Non so dove l’infame delitto fu consumato, ma come avete giá forse capito il piatto d’onore fu una gran carpa, bella, grassa e imporchettata. Fu il gran trionfo del cuoco (?) ed anche ‘l Blasi la mangiò e solo al mattino successivo scoprì che la sua carpa adorata era sparita dalla vasca. Si disse che fu un miracolo che non gli venne un attacco di cuore. Alcuni cercavano di consolarlo dicedogli che proprio la cena era stato il suo vero trionfo, aveva condiviso la sua preda con gli amici.

“Ma che, volevi che morisse de vecchiaia?”

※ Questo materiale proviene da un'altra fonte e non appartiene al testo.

(* Let a group $G$ act on a connected weighted simplicial complex $\Omega$ on $[n]$, and let $\mathcal V=\mathcal V_0\otimes\cdots\otimes\mathcal V_n$ with complex vector spaces $\mathcal V_i$ such that $\mathcal V_i=\mathcal V_j$ whenever $i,j$ lie in the same $G$-orbit. Then for all $v,w\in\mathcal V$: (i) ${\rm rank}_{(\Omega,G)}(v+w)\leq{\rm rank}_{(\Omega,G)}(v)+{\rm rank}_{(\Omega,G)}(w)$; (ii) if all $\mathcal V_i$ are algebras (and $\mathcal V$ carries the tensor product algebra structure), then ${\rm rank}_{(\Omega,G)}(vw)\leq{\rm rank}_{(\Omega,G)}(v)\cdot{\rm rank}_{(\Omega,G)}(w)$.
   Context: $[n]=\{0,\ldots,n\}$. A weighted simplicial complex (wsc) on $[n]$ is a function $\Omega\colon\mathcal P([n])\to\mathbb N=\{0,1,\ldots\}$ such that $S_1\subseteq S_2$ implies $\Omega(S_1)\mid\Omega(S_2)$; simplices are sets with $\Omega(S)\neq0$, every singleton is assumed to be a simplex, facets are inclusion-maximal simplices, $\mathcal F$ is the set of facets. $\widetilde{\mathcal F}$ is the multiset containing each facet $F$ exactly $\Omega(F)$ times, with collapse map $c\colon\widetilde{\mathcal F}\to\mathcal F$; $\widetilde{\mathcal F}_i\subseteq\widetilde{\mathcal F}$ consists of the copies of facets containing $i$. $\Omega$ is connected if any two vertices are joined by a chain of vertices in which consecutive ones lie in a common facet. A group action of $G$ on $\Omega$ is an action of $G$ on $[n]$ with $\Omega(gS)=\Omega(S)$ for all $S,g$, together with an action of $G$ on $\widetilde{\mathcal F}$ such that $c(gx)=gc(x)$; $g$ maps $\widetilde{\mathcal F}_i$ onto $\widetilde{\mathcal F}_{gi}$. For $\beta\colon\widetilde{\mathcal F}_i\to\mathcal I$, ${}^g\beta\colon\widetilde{\mathcal F}_{gi}\to\mathcal I$ is $x\mapsto\beta(g^{-1}x)$; $\alpha_{\mid i}$ denotes restriction of $\alpha\colon\widetilde{\mathcal F}\to\mathcal I$ to $\widetilde{\mathcal F}_i$. An $(\Omega,G)$-decomposition of $v\in\mathcal V$ consists of a finite set $\mathcal I$ and local vectors $v^{[i]}_\beta\in\mathcal V_i$ ($i\in[n]$, $\beta\in\mathcal I^{\widetilde{\mathcal F}_i}$) with (a) $v=\sum_{\alpha\in\mathcal I^{\widetilde{\mathcal F}}}v^{[0]}_{\alpha_{\mid0}}\otimes\cdots\otimes v^{[n]}_{\alpha_{\mid n}}$ and (b) $v^{[i]}_\beta=v^{[gi]}_{{}^g\beta}$ for all $i,g,\beta$. ${\rm rank}_{(\Omega,G)}(v)$ is the minimal $|\mathcal I|$ ($\infty$ if no decomposition exists, with the usual conventions for $\infty$ in sums and products). *)

theory Defs
  imports Complex_Main "HOL-Algebra.Group_Action" "HOL-Library.Extended_Nat"
begin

Non lo convinsero e si dice che per anni non rivolse la parola ad alcuni di loro. Credo di sapere i nomi di alcuni di quei furfanti beffardi, ma per il momento mantengo il segreto.

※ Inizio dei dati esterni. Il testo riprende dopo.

(* For a regular $T_1$-space $X$ the following are equivalent: (1) $X$ is metrizable; (2) $X$ has a base which is $\sigma$-discrete at non-isolated points; (3) $X$ has a base which is $\sigma$-locally finite at non-isolated points.
   Context: $I(X)$ is the set of isolated points. A family is locally finite (resp. discrete) at non-isolated points if each $x\in X\setminus I(X)$ has a neighborhood meeting at most finitely many (resp. at most one) of its members. A base $\mathcal{B}=\bigcup_{i\in\mathbb{N}}\mathcal{B}_i$ is $\sigma$-locally finite (resp. $\sigma$-discrete) at non-isolated points if each $\mathcal{B}_i$ is locally finite (resp. discrete) at non-isolated points. *)

theory Defs
  imports "HOL-Analysis.Analysis"
begin

definition isolated_points :: "'a topology \<Rightarrow> 'a set" where
  "isolated_points X = {x \<in> topspace X. openin X {x}}"

definition is_base :: "'a topology \<Rightarrow> 'a set set \<Rightarrow> bool" where
  "is_base X \<B> \<longleftrightarrow> (\<forall>V \<in> \<B>. openin X V) \<and>
     (\<forall>U x. openin X U \<and> x \<in> U \<longrightarrow> (\<exists>V \<in> \<B>. x \<in> V \<and> V \<subseteq> U))"

definition locally_finite_at_nonisolated :: "'a topology \<Rightarrow> 'a set set \<Rightarrow> bool" where
  "locally_finite_at_nonisolated X \<F> \<longleftrightarrow>
     (\<forall>x \<in> topspace X - isolated_points X.
        \<exists>N. openin X N \<and> x \<in> N \<and> finite {U \<in> \<F>. U \<inter> N \<noteq> {}})"

definition discrete_at_nonisolated :: "'a topology \<Rightarrow> 'a set set \<Rightarrow> bool" where
  "discrete_at_nonisolated X \<F> \<longleftrightarrow>
     (\<forall>x \<in> topspace X - isolated_points X.
        \<exists>N. openin X N \<and> x \<in> N \<and>
          (\<forall>U1 \<in> \<F>. \<forall>U2 \<in> \<F>. U1 \<inter> N \<noteq> {} \<and> U2 \<inter> N \<noteq> {} \<longrightarrow> U1 = U2))"

definition sigma_locally_finite_at_nonisolated :: "'a topology \<Rightarrow> 'a set set \<Rightarrow> bool" where
  "sigma_locally_finite_at_nonisolated X \<B> \<longleftrightarrow>
     (\<exists>\<B>s :: nat \<Rightarrow> 'a set set. \<B> = (\<Union>i. \<B>s i) \<and>
        (\<forall>i. locally_finite_at_nonisolated X (\<B>s i)))"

‘l sor Marco Buitoni aveva una villa dopo la Motina, Albiano. C’era un laghetto artificiale ed il sor Marco se lamentavo col mi’ babbo perchè qualcuno ci aveva buttato dei lucci e questi piccoli squali d’acqua dolce s’erano mangiato tutto. Alla fine ci fu un invito ufficiale da perte del sor Marco.

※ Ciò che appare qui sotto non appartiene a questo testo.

definition minimal_prime_decomp ::
  "('a, 'c) ring_scheme \<Rightarrow> 'a set \<Rightarrow> (nat \<Rightarrow> 'a set) \<Rightarrow> nat \<Rightarrow> bool" where
  "minimal_prime_decomp R b P t \<longleftrightarrow>
     (\<forall>i \<in> {1..t}. primeideal (P i) R) \<and>
     b = (\<Inter>i \<in> {1..t}. P i) \<and>
     (\<forall>i \<in> {1..t}. \<forall>j \<in> {1..t}. i \<noteq> j \<longrightarrow> P i \<noteq> P j) \<and>
     (\<forall>i \<in> {1..t}. (\<Inter>j \<in> {1..t} - {i}. P j) \<noteq> b)"

end

theory Submission
  imports Defs
begin

(* Write A and C for the intersections of the P i over U and over V, so that b = A \<inter> C,
   N = ann(b R[x,f]) and L = ann(A R[x,f]).  As x r = r^p x and a c^(p^m) \<in> A \<inter> C = b for
   a \<in> A, c \<in> C, every c \<in> C maps N into L.  Conversely, if s \<in> b kills x^(n+1) g modulo L,
   then s^2 x^(n+1) g = 0 because s \<in> A kills L, so x (s x^n g) = s^p x^(n+1) g = 0 (as p \<ge> 2)
   and x-torsion-freeness gives s x^n g = 0; hence N/L is the annihilator of C R[x,f] in G/L.
   The graded annihilators are computed one prime at a time: by minimality of the decomposition
   and prime avoidance, no P i with i \<in> U contains C and no P i with i \<in> V contains A, so an
   element of C (resp. A) outside P i can be cancelled from the relations r c^(p^n) \<in> b
   (resp. a r \<in> b) provided by grann N = b R[x,f]. *)

lemma (in primeideal) nat_pow_notin:
  assumes "a \<in> carrier R" "a \<notin> I"
  shows "a [^] (k::nat) \<notin> I"
proof (induct k)
  case 0
  show ?case using I_notcarr one_imp_carrier by auto
next
  case (Suc k)
  then show ?case using I_prime[of "a [^] k" a] assms by auto
qed

lemma (in ideal) nat_pow_mem:
  assumes "a \<in> I" "0 < k"
  shows "a [^] (k::nat) \<in> I"
proof -
  obtain j where "k = Suc j" using assms(2) gr0_implies_Suc by blast
  then show ?thesis using assms(1) I_l_closed Icarr by simp
qed

lemma (in cring) Inter_subset_primeideal:
  assumes "finite W" "W \<noteq> {}" "\<And>j. j \<in> W \<Longrightarrow> ideal (I j) R"
    and "primeideal P R" "(\<Inter>j\<in>W. I j) \<subseteq> P"
  shows "\<exists>j\<in>W. I j \<subseteq> P"
  using assms(1-3,5)
proof (induct W rule: finite_ne_induct)
  case (singleton j)
  then show ?case by simp
next
  case (insert w W)
  have "ideal (\<Inter>j\<in>W. I j) R"
    using insert by (intro i_Intersect) auto
  moreover have "I w \<cdot> (\<Inter>j\<in>W. I j) \<subseteq> P"
    using ideal_prod_inter[OF insert(5)[of w] calculation] insert(6) by auto
  ultimately have "I w \<subseteq> P \<or> (\<Inter>j\<in>W. I j) \<subseteq> P"
    using primeideal_divides_ideal_prod[OF assms(4)] insert(5) by blast
  then show ?case using insert(4,5) by auto
qed

lemma ideal_INT_primeideal:
  assumes "W \<noteq> {}" "\<And>i. i \<in> W \<Longrightarrow> primeideal (P i) R"
  shows "ideal (\<Inter>i\<in>W. P i) R"
proof -
  obtain i where "i \<in> W" using assms(1) by blast
  then interpret cring R using assms(2) primeideal.axioms(2) by blast
  show ?thesis using assms primeideal.axioms(1) by (intro i_Intersect) auto
qed

lemma minimal_prime_decomp_Inter_not_subset:
  assumes decomp: "minimal_prime_decomp R b P t"
    and W: "W \<subseteq> {1..t}" "W \<noteq> {}" and i: "i \<in> {1..t} - W"
  shows "\<not> (\<Inter>j\<in>W. P j) \<subseteq> P i"
proof
  assume sub: "(\<Inter>j\<in>W. P j) \<subseteq> P i"
  have prime: "\<And>j. j \<in> {1..t} \<Longrightarrow> primeideal (P j) R"
    and b: "b = (\<Inter>j\<in>{1..t}. P j)"
    and minimal: "(\<Inter>j\<in>{1..t} - {i}. P j) \<noteq> b"
    using decomp i unfolding minimal_prime_decomp_def by auto
  have Pi: "primeideal (P i) R" using prime i by blast
  have "\<exists>j\<in>W. P j \<subseteq> P i"
  proof (rule cring.Inter_subset_primeideal[OF primeideal.axioms(2)[OF Pi] _ W(2) _ Pi sub])
    show "finite W" using W(1) finite_subset by blast
    show "\<And>j. j \<in> W \<Longrightarrow> ideal (P j) R" using W(1) prime primeideal.axioms(1) by blast
  qed
  then obtain j where j: "j \<in> W" "P j \<subseteq> P i" by blast
  have "j \<in> {1..t} - {i}" using j(1) W(1) i by blast
  then have "(\<Inter>k\<in>{1..t} - {i}. P k) \<subseteq> P i" using j(2) by blast
  then have "(\<Inter>k\<in>{1..t} - {i}. P k) = b" unfolding b by (auto intro: INT_I)
  then show False using minimal by blast
qed

lemma minimal_prime_decomp_partition:
  assumes decomp: "minimal_prime_decomp R b P t"
    and "U \<union> V = {1..t}" "U \<inter> V = {}" "U \<noteq> {}" "V \<noteq> {}"
  shows "b = (\<Inter>i\<in>U. P i) \<inter> (\<Inter>i\<in>V. P i)"
    and "\<And>i. i \<in> U \<Longrightarrow> primeideal (P i) R"
    and "ideal (\<Inter>i\<in>U. P i) R"
    and "(\<Inter>i\<in>U. P i) \<noteq> carrier R"
    and "\<And>i. i \<in> U \<Longrightarrow> \<not> (\<Inter>j\<in>V. P j) \<subseteq> P i"
    and "\<not> (\<Inter>j\<in>V. P j) \<subseteq> (\<Inter>i\<in>U. P i)"
proof -
  have b: "b = (\<Inter>i\<in>U \<union> V. P i)" and prime: "\<And>i. i \<in> U \<union> V \<Longrightarrow> primeideal (P i) R"
    using decomp assms(2) unfolding minimal_prime_decomp_def by simp_all
  then show "b = (\<Inter>i\<in>U. P i) \<inter> (\<Inter>i\<in>V. P i)" by (simp add: INT_Un)
  show prime_U: "\<And>i. i \<in> U \<Longrightarrow> primeideal (P i) R" using prime by blast
  show "ideal (\<Inter>i\<in>U. P i) R" by (rule ideal_INT_primeideal[OF assms(4) prime_U])
  obtain i where i: "i \<in> U" using assms(4) by blast
  then interpret P\<^sub>i: primeideal "P i" R by (rule prime_U)
  have "\<one>\<^bsub>R\<^esub> \<notin> P i" using P\<^sub>i.I_notcarr P\<^sub>i.one_imp_carrier by blast
  then show "(\<Inter>i\<in>U. P i) \<noteq> carrier R" using i by blast
  show avoid: "\<not> (\<Inter>j\<in>V. P j) \<subseteq> P i" if "i \<in> U" for i
  proof (rule minimal_prime_decomp_Inter_not_subset[OF decomp _ assms(5)])
    show "V \<subseteq> {1..t}" "i \<in> {1..t} - V" using assms(2,3) that by auto
  qed
  show "\<not> (\<Inter>j\<in>V. P j) \<subseteq> (\<Inter>i\<in>U. P i)" using avoid[OF i] i by blast
qed

lemma ann_rel_antimono: "A \<subseteq> B \<Longrightarrow> ann_rel M F L B \<subseteq> ann_rel M F L A"
  unfolding ann_rel_def by blast

context
  fixes R :: "('a, 'c) ring_scheme" and M :: "('a, 'b, 'd) module_scheme"
    and p :: nat and F :: "'b \<Rightarrow> 'b"
  assumes frob: "frob_skew_module R M p F"
begin

interpretation module R M
  using frob by (simp add: frob_skew_module_def)

lemma frob_closed: "g \<in> carrier M \<Longrightarrow> F g \<in> carrier M"
  and frob_add: "g \<in> carrier M \<Longrightarrow> h \<in> carrier M \<Longrightarrow> F (g \<oplus>\<^bsub>M\<^esub> h) = F g \<oplus>\<^bsub>M\<^esub> F h"
  and frob_smult: "r \<in> carrier R \<Longrightarrow> g \<in> carrier M \<Longrightarrow> F (r \<odot>\<^bsub>M\<^esub> g) = (r [^]\<^bsub>R\<^esub> p) \<odot>\<^bsub>M\<^esub> F g"
  using frob by (auto simp: frob_skew_module_def)

lemma frob_funpow_closed: "g \<in> carrier M \<Longrightarrow> (F ^^ n) g \<in> carrier M"
  by (induct n) (simp_all add: frob_closed)

lemma frob_funpow_smult:
  assumes "r \<in> carrier R" "g \<in> carrier M"
  shows "(F ^^ n) (r \<odot>\<^bsub>M\<^esub> g) = (r [^]\<^bsub>R\<^esub> (p ^ n)) \<odot>\<^bsub>M\<^esub> (F ^^ n) g"
proof (induct n)
  case 0
  then show ?case using assms by simp
next
  case (Suc n)
  then show ?case
    using assms by (simp add: frob_smult frob_funpow_closed R.nat_pow_pow mult.commute)
qed

lemma frob_zero: "F \<zero>\<^bsub>M\<^esub> = \<zero>\<^bsub>M\<^esub>"
proof -
  have "F \<zero>\<^bsub>M\<^esub> \<oplus>\<^bsub>M\<^esub> F \<zero>\<^bsub>M\<^esub> = \<zero>\<^bsub>M\<^esub> \<oplus>\<^bsub>M\<^esub> F \<zero>\<^bsub>M\<^esub>"
    using frob_add[of "\<zero>\<^bsub>M\<^esub>" "\<zero>\<^bsub>M\<^esub>"] frob_closed by simp
  then show ?thesis using frob_closed by (simp add: M.add.right_cancel)
qed

lemma frob_funpow_zero: "(F ^^ n) \<zero>\<^bsub>M\<^esub> = \<zero>\<^bsub>M\<^esub>"
  by (induct n) (simp_all add: frob_zero)

lemma zero_mem_ann_ext: "A \<subseteq> carrier R \<Longrightarrow> \<zero>\<^bsub>M\<^esub> \<in> ann_ext M F A"
  unfolding ann_rel_def by (auto simp: frob_funpow_zero)

lemma grann_zero: "grann R M F {\<zero>\<^bsub>M\<^esub>} n = carrier R"
  unfolding grann_rel_def by (auto simp: frob_funpow_zero)

lemma smult_mem_ann_ext:
  assumes "0 < p" "ideal A R" "ideal C R" and g: "g \<in> ann_ext M F (A \<inter> C)" and r: "r \<in> C"
  shows "r \<odot>\<^bsub>M\<^esub> (F ^^ n) g \<in> ann_ext M F A"
proof -
  have gc: "g \<in> carrier M" using g unfolding ann_rel_def by blast
  have rc: "r \<in> carrier R" using r ideal.Icarr[OF assms(3)] by blast
  have "s \<odot>\<^bsub>M\<^esub> (F ^^ m) (r \<odot>\<^bsub>M\<^esub> (F ^^ n) g) = \<zero>\<^bsub>M\<^esub>" if s: "s \<in> A" for s m
  proof -
    have sc: "s \<in> carrier R" using s ideal.Icarr[OF assms(2)] by blast
    have "r [^]\<^bsub>R\<^esub> (p ^ m) \<in> C" using ideal.nat_pow_mem[OF assms(3) r] assms(1) by simp
    then have "s \<otimes>\<^bsub>R\<^esub> r [^]\<^bsub>R\<^esub> (p ^ m) \<in> A \<inter> C"
      using s sc rc ideal.I_r_closed[OF assms(2)] ideal.I_l_closed[OF assms(3)] by simp
    then have "(s \<otimes>\<^bsub>R\<^esub> r [^]\<^bsub>R\<^esub> (p ^ m)) \<odot>\<^bsub>M\<^esub> (F ^^ (m + n)) g = \<zero>\<^bsub>M\<^esub>"
      using g unfolding ann_rel_def by blast
    then show ?thesis
      using sc rc gc by (simp add: frob_funpow_smult frob_funpow_closed smult_assoc1 funpow_add)
  qed
  then show ?thesis unfolding ann_rel_def using rc gc by (simp add: frob_funpow_closed)
qed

“Sor Braganti venga a pescare un po’ de ‘sti lucci.” E cosi unpomeriggio di settembre del 1965 andammo, giacca e cravatta, a trovare il sor Marco che ci portò subito a questo laghetto. Cominciò così una specie di mattanza di lucci. Questi dovevano esser tanti e dovevono esser anche affamati, perchè ogni volta che il babbo tirava la lenza, dopo pochi secondi, c’era un pesce ch’aveva abboccato. Anche il sor Marco, a cui ‘l babbo aveva offerto la canna, ne prese uno e sembrò soddisfattissimo.

 

1965-09 Albiano Marco Buitoni e Renato Braganti a pescare in giacca e cravatta.

 

Credo che quella sia stata l’ultima pescata del mi’ babbo, mori dopo poco piú di tre mesi, il 5 gennaio del 1966.

 9 gennaio 2011, Marblehead, MA USA                                                                                     

I  vostri commenti e correzioni a possibili inesattezze, scherzi della memoria, saranno apprezzati. Assieme possiamo ricostruire questo grande mosaico borghese. Mi raccomando, scrivete!

 Fausto Braganti      

ftbraganti@verizon.net

 

Una Risposta to “88 M’Arcordo… l’ultimo luccio del mi’ babbo.”

  1. Giovanni e Aidi Says:

    Ci sei mancato molto! Quella del guardiapesca è vera e io lo conoscevo bene, era un assiduo cliente del Neo Bar. Senza fare nomi (il cognome è stato già fatto) ti racconto che da ragazzotto andavo a pescare senza patente e lui che lo sapeva mi aveva preso di mira. Quando volevo andare a pescare gli chiedevo dove fosse meglio andare e me ne andavo da tutt’altra parte a quella che mi indicava. La sera veniva a prendere il caffè e mi chiedeva “Come mai ‘nci si venuto al Cadutone?” “C’ho avuto da fere e ‘no potuto” naturalmente ero andeto al Pozzaccio e a le Briglie… non m’ha mai preso!!! Le Buiane, la Madonnuccia, la Tignana…. tutto sott’acqua ci andevo anch’io: pecheto!!
    La caccia al Roccolo de Villa Nomi mi ha aperto il cuore. In quel roccolo che è di proprietà dell’Aidi ci passo tutta l’estete e me vengono a trovere, oltre a tantissimi amici umani, fagiani, lepri, una copia de upupe meravigliose, scoiattoli, daini, istrici e cinghiali. A volte fanno i danni ma non me dispieci.. pacenza. La Sassaia che qualche anno fa facevo con la bicicletta scendendo la Misceno adesso è recintata nella proprietà di Villa Cantagallina, della famiglia Inghirami, ma alora ci passevo e riscappevo ai Sassi Rossi… che tempi! A febbraio è un po freddo ma te ci porto a vedere me farebe dimolto piacere.